- _EXERCISE DETAILS_
Below are several records. Retype exactly those lines running from the one with "record ('v,'a) mquiver" through the one with "path \<Rightarrow> nat \<Rightarrow> nat", end lines included, and no others.

- _GIVEN DATA_
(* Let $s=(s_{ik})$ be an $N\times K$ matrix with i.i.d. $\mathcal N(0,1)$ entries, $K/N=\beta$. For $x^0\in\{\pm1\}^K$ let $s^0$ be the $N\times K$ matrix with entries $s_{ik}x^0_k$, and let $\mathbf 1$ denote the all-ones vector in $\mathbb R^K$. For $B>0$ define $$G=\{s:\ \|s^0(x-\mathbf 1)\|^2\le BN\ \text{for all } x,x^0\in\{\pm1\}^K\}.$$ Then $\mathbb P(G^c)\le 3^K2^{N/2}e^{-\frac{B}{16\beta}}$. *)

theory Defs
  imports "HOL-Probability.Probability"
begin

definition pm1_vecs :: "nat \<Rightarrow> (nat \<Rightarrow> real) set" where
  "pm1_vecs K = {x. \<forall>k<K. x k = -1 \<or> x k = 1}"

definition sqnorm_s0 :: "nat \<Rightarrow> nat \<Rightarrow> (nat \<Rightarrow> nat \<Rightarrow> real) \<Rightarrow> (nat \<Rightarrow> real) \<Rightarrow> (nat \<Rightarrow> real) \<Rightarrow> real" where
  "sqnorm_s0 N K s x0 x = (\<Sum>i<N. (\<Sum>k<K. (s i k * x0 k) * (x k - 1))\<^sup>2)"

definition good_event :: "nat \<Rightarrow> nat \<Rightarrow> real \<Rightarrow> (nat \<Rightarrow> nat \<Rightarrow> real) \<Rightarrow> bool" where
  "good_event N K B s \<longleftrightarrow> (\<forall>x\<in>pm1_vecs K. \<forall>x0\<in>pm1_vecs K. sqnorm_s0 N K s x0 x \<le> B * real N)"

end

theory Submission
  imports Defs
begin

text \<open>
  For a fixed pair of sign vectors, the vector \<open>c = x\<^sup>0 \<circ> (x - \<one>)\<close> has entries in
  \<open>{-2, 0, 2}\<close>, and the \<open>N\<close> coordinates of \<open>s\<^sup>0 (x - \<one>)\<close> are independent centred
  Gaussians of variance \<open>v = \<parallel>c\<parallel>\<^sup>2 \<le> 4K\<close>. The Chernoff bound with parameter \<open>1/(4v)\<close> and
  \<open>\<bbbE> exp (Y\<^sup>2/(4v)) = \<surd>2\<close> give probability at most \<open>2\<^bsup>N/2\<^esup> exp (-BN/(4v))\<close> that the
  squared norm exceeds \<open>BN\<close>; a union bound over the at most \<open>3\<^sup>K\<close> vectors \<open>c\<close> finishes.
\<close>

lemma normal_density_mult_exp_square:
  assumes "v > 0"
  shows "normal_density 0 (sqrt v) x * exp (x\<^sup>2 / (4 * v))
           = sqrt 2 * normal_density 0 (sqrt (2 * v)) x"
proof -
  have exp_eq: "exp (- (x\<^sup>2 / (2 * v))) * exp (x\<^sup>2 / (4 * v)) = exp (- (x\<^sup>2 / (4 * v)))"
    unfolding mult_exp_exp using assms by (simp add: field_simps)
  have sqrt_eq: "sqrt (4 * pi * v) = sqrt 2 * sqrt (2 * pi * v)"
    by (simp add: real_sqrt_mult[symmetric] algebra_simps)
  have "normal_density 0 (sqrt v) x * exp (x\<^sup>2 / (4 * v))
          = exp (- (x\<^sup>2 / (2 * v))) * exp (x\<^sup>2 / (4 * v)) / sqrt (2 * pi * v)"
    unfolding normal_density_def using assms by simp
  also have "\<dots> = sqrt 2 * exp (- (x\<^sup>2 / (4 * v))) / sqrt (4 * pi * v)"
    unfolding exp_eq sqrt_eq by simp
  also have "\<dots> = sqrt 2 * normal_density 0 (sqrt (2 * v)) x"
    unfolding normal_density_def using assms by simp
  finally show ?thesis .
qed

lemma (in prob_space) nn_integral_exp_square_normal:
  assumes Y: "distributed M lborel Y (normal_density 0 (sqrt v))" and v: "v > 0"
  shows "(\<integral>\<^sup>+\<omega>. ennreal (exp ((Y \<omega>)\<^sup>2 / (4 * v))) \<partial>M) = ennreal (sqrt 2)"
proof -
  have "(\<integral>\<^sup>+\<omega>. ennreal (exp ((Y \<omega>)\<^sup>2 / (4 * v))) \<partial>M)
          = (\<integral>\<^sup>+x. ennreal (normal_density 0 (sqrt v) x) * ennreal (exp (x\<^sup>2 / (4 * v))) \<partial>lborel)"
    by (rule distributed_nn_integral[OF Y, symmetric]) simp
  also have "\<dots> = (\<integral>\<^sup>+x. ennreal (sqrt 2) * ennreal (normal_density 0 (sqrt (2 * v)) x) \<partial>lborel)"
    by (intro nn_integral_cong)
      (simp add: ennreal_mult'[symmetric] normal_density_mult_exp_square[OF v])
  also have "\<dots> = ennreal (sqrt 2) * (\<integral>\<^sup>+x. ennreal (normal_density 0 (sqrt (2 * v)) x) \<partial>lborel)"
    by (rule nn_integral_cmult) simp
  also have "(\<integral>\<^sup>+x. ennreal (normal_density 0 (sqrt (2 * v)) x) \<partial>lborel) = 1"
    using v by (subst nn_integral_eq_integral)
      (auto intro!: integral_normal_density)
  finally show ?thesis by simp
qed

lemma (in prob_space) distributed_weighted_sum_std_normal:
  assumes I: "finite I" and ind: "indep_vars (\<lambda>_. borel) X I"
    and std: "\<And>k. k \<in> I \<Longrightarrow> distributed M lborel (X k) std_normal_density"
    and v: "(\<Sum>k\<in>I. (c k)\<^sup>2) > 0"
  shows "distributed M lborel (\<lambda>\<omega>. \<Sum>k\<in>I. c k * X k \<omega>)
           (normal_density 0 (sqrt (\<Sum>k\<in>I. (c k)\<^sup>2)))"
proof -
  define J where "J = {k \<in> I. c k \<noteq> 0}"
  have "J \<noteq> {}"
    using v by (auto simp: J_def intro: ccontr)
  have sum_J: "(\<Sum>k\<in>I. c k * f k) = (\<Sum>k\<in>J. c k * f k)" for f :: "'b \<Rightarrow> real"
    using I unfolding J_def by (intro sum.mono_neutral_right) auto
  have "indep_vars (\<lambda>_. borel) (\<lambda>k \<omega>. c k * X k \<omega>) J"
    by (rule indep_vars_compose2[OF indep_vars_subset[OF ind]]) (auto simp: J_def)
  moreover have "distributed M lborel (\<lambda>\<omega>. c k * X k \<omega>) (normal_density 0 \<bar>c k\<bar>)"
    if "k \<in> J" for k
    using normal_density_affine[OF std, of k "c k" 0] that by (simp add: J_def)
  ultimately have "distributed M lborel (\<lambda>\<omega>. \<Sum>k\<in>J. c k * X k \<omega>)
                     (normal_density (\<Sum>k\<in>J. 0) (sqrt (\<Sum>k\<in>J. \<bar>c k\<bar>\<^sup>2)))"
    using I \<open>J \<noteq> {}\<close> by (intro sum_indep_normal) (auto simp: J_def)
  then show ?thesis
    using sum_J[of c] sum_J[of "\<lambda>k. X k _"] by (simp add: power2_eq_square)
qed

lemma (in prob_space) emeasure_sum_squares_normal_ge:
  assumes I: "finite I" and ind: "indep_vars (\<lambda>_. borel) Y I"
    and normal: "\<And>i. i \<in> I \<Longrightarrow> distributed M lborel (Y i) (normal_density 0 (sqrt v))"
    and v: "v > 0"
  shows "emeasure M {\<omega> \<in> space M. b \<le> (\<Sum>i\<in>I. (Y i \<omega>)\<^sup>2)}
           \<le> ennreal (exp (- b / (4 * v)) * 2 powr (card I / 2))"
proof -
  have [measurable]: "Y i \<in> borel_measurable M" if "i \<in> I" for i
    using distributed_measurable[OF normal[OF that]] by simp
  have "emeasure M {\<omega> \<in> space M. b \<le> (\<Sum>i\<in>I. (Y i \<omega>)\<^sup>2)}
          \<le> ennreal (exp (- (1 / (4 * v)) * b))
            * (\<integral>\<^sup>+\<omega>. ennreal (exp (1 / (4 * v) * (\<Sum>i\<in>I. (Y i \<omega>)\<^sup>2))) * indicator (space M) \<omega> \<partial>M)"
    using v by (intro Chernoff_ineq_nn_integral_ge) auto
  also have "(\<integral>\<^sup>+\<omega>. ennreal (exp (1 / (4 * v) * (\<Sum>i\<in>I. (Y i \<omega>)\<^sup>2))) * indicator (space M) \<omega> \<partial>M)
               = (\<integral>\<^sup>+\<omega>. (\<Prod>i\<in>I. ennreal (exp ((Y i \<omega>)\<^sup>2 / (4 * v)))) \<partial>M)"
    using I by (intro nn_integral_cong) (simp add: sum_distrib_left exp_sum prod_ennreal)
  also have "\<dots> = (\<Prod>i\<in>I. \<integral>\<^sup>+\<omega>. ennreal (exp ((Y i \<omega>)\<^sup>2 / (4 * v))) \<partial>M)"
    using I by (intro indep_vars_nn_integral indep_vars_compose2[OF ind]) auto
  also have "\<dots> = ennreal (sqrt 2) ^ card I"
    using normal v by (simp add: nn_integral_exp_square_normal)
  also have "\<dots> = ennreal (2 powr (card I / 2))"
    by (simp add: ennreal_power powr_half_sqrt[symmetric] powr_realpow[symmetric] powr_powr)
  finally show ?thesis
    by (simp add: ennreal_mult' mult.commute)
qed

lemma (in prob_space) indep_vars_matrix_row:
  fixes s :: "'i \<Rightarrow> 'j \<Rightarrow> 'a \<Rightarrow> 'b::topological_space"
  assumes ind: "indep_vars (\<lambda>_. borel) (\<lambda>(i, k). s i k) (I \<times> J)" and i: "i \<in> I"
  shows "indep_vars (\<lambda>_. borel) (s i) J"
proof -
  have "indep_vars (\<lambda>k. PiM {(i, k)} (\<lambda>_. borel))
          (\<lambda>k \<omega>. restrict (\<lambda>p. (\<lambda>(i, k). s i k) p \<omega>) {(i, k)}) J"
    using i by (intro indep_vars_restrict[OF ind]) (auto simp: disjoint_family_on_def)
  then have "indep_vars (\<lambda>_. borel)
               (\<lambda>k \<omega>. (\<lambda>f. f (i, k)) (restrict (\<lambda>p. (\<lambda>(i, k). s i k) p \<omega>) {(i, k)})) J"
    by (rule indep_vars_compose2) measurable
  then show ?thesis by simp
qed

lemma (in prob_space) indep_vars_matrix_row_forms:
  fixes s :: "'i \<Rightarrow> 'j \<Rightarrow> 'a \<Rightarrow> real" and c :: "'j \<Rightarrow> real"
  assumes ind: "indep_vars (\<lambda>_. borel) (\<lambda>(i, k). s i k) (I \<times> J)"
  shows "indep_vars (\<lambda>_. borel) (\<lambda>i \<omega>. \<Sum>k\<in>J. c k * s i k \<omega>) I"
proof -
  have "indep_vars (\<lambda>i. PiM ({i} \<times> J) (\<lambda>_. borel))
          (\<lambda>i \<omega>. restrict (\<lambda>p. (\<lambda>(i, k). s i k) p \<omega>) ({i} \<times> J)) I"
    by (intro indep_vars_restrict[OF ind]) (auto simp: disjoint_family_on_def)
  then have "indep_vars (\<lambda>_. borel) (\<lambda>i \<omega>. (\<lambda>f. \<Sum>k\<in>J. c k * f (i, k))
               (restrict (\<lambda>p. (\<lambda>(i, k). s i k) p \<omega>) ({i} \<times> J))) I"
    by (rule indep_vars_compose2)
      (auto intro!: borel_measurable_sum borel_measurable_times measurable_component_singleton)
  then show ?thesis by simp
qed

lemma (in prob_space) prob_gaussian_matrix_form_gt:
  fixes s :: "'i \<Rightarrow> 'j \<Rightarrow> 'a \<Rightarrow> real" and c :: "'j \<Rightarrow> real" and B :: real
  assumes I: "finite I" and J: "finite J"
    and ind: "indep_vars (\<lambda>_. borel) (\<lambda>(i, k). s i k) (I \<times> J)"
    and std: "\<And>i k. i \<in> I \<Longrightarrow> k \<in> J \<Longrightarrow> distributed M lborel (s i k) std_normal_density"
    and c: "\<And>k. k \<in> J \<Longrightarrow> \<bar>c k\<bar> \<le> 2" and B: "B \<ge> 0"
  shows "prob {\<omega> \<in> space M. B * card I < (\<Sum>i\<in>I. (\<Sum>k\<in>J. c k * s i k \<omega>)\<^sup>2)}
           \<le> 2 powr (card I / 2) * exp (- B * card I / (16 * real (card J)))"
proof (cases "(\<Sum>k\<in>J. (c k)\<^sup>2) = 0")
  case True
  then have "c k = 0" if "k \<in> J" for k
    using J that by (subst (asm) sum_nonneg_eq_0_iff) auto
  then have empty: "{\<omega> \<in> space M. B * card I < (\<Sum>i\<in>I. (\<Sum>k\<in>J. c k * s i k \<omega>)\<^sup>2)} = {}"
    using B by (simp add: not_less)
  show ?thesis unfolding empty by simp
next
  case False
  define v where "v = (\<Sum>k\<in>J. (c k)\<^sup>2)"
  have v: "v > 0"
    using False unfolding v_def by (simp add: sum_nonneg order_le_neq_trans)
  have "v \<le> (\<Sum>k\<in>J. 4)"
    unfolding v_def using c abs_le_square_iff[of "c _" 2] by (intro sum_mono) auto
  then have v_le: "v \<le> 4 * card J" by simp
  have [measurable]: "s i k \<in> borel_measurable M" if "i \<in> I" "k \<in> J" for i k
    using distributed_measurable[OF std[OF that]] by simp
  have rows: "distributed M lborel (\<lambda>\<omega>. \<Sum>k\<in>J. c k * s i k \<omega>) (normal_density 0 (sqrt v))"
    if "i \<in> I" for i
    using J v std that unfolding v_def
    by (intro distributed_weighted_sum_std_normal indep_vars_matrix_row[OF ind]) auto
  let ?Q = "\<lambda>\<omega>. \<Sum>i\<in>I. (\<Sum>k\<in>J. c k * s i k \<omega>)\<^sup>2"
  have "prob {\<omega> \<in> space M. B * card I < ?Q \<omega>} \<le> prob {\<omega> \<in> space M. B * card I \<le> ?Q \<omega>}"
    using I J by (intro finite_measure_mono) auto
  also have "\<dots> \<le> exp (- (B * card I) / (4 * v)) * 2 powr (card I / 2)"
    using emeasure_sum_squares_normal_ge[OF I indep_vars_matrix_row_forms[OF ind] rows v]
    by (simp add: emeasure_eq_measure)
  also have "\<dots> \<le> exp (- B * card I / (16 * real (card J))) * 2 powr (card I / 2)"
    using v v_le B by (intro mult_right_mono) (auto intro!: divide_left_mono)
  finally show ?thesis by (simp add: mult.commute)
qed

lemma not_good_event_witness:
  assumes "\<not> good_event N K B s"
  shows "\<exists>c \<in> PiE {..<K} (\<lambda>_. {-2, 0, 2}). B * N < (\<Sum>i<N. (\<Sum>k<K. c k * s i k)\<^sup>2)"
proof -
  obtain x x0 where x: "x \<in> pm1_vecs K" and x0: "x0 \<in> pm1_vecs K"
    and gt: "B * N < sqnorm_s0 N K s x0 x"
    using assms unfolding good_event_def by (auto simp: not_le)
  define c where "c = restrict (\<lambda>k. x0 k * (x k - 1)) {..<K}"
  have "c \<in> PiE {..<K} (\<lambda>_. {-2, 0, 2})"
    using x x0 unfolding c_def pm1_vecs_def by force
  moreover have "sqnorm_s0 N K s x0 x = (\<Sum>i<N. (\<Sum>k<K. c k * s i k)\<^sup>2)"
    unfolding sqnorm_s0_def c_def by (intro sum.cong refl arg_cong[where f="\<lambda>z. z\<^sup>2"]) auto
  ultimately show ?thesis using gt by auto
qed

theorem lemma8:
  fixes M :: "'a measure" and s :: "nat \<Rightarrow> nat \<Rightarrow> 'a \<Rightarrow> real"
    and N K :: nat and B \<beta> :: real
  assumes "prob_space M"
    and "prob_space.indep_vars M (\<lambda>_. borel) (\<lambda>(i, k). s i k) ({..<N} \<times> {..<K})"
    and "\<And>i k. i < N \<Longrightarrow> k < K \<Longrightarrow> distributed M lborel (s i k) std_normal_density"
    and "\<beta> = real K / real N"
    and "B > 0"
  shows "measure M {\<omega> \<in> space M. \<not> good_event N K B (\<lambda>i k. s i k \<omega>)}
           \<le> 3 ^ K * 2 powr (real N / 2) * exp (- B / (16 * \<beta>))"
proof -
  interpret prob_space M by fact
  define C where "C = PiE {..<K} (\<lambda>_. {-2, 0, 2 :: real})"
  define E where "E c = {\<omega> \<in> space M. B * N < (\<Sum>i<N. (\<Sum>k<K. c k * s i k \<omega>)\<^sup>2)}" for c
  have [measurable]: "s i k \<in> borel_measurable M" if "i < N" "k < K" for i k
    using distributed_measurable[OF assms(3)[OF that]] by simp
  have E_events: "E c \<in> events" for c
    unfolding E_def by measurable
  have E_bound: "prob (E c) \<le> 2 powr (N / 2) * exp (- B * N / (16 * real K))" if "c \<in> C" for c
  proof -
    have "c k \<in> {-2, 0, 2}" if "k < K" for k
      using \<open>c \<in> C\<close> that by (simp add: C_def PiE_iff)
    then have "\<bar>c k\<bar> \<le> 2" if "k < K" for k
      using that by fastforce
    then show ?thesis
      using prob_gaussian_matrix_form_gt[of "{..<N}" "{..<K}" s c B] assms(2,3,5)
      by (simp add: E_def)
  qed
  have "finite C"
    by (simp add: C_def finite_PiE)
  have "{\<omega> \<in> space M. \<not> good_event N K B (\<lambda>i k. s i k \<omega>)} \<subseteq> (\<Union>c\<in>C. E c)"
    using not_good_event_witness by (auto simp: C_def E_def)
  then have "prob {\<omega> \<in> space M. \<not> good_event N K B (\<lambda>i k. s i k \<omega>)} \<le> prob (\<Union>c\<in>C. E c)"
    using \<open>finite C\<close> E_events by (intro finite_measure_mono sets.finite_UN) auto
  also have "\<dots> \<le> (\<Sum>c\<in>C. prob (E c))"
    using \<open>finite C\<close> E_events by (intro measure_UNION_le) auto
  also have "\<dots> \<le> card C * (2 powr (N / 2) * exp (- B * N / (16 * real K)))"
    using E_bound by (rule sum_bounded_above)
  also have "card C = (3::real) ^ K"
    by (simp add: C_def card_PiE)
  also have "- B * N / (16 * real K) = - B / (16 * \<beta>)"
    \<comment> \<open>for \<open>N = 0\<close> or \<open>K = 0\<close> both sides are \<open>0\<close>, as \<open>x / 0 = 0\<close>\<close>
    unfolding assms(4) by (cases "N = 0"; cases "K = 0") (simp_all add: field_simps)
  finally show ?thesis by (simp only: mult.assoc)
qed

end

==

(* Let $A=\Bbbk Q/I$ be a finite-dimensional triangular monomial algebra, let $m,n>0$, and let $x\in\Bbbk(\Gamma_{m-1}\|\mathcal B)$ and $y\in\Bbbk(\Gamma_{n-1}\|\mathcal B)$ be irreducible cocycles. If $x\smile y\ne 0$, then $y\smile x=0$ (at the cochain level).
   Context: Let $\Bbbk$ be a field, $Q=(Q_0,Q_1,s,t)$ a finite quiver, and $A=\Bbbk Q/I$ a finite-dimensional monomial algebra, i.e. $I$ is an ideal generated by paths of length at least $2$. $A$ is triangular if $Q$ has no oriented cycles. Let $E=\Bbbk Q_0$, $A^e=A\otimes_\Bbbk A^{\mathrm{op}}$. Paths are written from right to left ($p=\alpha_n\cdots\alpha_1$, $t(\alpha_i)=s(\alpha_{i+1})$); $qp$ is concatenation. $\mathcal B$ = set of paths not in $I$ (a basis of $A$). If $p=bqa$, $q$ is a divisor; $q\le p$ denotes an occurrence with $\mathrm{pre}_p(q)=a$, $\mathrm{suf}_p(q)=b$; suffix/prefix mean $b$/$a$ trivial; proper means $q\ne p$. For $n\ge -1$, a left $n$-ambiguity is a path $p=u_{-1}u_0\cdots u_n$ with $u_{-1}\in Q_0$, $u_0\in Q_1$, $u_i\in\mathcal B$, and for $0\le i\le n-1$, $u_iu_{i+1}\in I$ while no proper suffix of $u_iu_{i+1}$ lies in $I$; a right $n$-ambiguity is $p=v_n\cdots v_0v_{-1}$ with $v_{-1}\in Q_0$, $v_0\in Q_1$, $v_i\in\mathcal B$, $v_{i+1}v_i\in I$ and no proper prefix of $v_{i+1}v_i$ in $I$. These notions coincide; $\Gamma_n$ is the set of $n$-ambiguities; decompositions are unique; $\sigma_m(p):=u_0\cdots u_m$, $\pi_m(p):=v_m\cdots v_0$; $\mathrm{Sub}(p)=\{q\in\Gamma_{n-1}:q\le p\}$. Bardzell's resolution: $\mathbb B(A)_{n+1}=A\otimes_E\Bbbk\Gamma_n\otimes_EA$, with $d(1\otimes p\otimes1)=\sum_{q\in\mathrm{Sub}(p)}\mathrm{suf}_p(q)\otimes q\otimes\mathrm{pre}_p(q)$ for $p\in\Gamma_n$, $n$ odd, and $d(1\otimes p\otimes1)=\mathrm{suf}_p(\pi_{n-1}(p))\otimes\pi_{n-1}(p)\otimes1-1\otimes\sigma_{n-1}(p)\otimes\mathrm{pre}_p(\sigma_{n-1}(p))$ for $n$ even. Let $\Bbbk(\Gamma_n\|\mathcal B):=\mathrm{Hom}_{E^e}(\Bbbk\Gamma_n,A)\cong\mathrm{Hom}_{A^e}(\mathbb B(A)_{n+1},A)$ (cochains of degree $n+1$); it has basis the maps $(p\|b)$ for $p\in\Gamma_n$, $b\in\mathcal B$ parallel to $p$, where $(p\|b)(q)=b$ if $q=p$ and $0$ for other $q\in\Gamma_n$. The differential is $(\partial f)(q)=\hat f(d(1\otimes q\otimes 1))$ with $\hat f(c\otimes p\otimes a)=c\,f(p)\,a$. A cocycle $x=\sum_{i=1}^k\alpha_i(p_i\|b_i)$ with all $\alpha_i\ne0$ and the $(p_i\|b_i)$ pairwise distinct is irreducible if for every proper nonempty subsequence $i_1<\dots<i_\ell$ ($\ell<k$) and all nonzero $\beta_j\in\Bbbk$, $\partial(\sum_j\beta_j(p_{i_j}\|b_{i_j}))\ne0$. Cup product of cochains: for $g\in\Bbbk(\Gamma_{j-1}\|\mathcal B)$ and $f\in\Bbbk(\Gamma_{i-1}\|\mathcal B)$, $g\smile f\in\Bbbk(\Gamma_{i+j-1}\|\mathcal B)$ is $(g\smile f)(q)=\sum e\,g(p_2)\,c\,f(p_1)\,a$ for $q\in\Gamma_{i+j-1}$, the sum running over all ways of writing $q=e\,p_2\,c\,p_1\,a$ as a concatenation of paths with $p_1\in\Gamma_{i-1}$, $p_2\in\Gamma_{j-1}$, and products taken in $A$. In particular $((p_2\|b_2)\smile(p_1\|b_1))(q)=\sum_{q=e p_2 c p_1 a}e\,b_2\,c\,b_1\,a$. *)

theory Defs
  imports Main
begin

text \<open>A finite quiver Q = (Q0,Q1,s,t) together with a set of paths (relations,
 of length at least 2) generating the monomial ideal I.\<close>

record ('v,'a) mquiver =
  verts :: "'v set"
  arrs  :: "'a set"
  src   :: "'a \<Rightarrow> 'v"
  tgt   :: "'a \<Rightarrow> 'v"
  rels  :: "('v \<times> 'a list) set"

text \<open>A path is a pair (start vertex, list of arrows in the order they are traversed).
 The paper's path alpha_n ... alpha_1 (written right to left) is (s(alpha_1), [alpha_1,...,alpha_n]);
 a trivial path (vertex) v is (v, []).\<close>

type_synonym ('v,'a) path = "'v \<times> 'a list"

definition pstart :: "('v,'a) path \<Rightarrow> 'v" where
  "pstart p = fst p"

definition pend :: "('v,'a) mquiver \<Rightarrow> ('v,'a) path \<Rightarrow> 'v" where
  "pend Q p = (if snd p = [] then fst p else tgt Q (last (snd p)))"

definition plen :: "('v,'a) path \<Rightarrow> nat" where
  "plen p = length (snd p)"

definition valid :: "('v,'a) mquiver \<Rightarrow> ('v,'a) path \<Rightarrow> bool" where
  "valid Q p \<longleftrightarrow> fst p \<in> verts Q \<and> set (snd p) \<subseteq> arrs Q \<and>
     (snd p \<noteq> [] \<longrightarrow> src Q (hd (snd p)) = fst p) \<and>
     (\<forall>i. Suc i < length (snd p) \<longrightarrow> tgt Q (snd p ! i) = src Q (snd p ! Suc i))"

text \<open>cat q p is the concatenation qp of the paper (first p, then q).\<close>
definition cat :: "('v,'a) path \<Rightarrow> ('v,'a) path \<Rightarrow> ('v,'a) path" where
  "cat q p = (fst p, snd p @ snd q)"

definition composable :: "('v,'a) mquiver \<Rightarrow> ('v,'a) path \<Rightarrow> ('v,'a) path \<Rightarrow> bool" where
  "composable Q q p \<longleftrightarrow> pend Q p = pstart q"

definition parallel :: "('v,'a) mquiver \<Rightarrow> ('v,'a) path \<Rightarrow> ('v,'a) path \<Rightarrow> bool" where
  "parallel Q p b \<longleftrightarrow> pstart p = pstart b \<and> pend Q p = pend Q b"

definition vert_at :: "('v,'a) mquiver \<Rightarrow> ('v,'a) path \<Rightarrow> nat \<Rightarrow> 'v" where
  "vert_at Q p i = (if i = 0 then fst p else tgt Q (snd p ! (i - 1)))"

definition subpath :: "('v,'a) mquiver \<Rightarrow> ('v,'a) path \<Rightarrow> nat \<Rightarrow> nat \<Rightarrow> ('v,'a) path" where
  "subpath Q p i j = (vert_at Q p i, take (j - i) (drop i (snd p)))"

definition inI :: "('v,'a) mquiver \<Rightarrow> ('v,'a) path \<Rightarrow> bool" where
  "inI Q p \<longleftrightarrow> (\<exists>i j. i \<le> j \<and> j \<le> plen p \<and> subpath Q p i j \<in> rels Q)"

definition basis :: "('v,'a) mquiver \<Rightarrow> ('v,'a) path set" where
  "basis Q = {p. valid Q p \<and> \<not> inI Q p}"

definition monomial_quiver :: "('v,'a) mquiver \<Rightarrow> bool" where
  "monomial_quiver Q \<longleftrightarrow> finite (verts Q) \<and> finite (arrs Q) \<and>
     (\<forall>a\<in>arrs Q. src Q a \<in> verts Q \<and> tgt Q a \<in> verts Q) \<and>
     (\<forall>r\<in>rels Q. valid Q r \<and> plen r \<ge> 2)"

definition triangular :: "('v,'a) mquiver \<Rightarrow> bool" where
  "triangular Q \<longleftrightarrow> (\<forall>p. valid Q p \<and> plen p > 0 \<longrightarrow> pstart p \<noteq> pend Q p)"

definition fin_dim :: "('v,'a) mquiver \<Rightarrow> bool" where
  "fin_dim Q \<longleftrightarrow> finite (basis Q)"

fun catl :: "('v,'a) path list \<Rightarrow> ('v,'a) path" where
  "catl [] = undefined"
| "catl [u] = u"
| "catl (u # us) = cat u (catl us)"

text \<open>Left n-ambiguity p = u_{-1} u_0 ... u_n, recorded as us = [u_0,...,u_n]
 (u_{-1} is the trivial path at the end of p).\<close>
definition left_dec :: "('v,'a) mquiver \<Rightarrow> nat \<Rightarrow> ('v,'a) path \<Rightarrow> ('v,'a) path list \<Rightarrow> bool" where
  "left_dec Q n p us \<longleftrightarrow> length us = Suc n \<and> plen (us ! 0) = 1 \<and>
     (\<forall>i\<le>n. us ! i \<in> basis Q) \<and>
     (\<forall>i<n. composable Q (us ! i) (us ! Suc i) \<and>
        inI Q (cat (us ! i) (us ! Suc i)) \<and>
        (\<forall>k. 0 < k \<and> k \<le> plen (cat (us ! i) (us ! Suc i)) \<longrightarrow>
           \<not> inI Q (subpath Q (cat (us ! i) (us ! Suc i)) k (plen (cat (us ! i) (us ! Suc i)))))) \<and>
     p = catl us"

- _TASK RESPONSE_
record ('v,'a) mquiver =
  verts :: "'v set"
  arrs  :: "'a set"
  src   :: "'a \<Rightarrow> 'v"
  tgt   :: "'a \<Rightarrow> 'v"
  rels  :: "('v \<times> 'a list) set"

text \<open>A path is a pair (start vertex, list of arrows in the order they are traversed).
 The paper's path alpha_n ... alpha_1 (written right to left) is (s(alpha_1), [alpha_1,...,alpha_n]);
 a trivial path (vertex) v is (v, []).\<close>

type_synonym ('v,'a) path = "'v \<times> 'a list"

definition pstart :: "('v,'a) path \<Rightarrow> 'v" where
  "pstart p = fst p"

definition pend :: "('v,'a) mquiver \<Rightarrow> ('v,'a) path \<Rightarrow> 'v" where
  "pend Q p = (if snd p = [] then fst p else tgt Q (last (snd p)))"

definition plen :: "('v,'a) path \<Rightarrow> nat" where
  "plen p = length (snd p)"

definition valid :: "('v,'a) mquiver \<Rightarrow> ('v,'a) path \<Rightarrow> bool" where
  "valid Q p \<longleftrightarrow> fst p \<in> verts Q \<and> set (snd p) \<subseteq> arrs Q \<and>
     (snd p \<noteq> [] \<longrightarrow> src Q (hd (snd p)) = fst p) \<and>
     (\<forall>i. Suc i < length (snd p) \<longrightarrow> tgt Q (snd p ! i) = src Q (snd p ! Suc i))"

text \<open>cat q p is the concatenation qp of the paper (first p, then q).\<close>
definition cat :: "('v,'a) path \<Rightarrow> ('v,'a) path \<Rightarrow> ('v,'a) path" where
  "cat q p = (fst p, snd p @ snd q)"

definition composable :: "('v,'a) mquiver \<Rightarrow> ('v,'a) path \<Rightarrow> ('v,'a) path \<Rightarrow> bool" where
  "composable Q q p \<longleftrightarrow> pend Q p = pstart q"

definition parallel :: "('v,'a) mquiver \<Rightarrow> ('v,'a) path \<Rightarrow> ('v,'a) path \<Rightarrow> bool" where
  "parallel Q p b \<longleftrightarrow> pstart p = pstart b \<and> pend Q p = pend Q b"

definition vert_at :: "('v,'a) mquiver \<Rightarrow> ('v,'a) path \<Rightarrow> nat \<Rightarrow> 'v" where
  "vert_at Q p i = (if i = 0 then fst p else tgt Q (snd p ! (i - 1)))"

definition subpath :: "('v,'a) mquiver \<Rightarrow> ('v,'a) path \<Rightarrow> nat \<Rightarrow> nat \<Rightarrow> ('v,'a) path" where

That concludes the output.